● REQUIRED ACTION
Copy each line from the data that has the word "Amat" in it.

────

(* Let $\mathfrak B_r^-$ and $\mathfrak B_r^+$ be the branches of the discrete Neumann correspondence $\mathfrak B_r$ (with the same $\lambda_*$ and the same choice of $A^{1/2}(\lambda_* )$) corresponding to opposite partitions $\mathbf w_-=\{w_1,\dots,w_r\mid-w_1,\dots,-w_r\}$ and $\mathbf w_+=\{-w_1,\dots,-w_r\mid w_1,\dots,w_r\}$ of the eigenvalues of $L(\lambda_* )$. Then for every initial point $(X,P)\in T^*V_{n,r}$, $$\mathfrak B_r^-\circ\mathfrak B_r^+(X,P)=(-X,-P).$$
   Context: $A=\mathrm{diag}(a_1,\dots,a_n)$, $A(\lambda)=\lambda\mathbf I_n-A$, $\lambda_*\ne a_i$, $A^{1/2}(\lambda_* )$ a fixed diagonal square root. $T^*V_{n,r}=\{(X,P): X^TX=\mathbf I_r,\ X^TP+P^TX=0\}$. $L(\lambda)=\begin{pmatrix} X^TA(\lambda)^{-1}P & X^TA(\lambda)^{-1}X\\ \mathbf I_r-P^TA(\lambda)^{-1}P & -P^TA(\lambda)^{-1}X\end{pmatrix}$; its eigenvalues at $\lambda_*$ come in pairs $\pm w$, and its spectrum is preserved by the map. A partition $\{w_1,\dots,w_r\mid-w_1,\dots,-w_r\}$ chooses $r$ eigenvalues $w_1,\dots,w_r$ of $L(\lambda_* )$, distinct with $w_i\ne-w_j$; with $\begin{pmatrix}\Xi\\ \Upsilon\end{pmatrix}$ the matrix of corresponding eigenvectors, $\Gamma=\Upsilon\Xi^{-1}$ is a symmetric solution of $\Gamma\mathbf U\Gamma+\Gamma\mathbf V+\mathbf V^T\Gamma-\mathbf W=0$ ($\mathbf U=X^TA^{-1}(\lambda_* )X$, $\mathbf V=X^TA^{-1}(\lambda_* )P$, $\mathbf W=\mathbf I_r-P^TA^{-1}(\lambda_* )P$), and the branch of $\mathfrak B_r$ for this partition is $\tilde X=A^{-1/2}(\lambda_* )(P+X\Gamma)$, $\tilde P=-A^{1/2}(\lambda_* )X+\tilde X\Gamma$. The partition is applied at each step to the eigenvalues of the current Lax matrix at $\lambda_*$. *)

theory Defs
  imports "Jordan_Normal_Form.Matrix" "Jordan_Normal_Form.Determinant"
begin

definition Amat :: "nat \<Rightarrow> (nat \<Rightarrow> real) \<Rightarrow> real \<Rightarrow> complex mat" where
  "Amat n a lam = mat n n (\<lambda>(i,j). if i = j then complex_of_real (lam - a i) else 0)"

────

● RESPONSE FOR THIS EXERCISE
definition Amat :: "nat \<Rightarrow> (nat \<Rightarrow> real) \<Rightarrow> real \<Rightarrow> complex mat" where
  "Amat n a lam = mat n n (\<lambda>(i,j). if i = j then complex_of_real (lam - a i) else 0)"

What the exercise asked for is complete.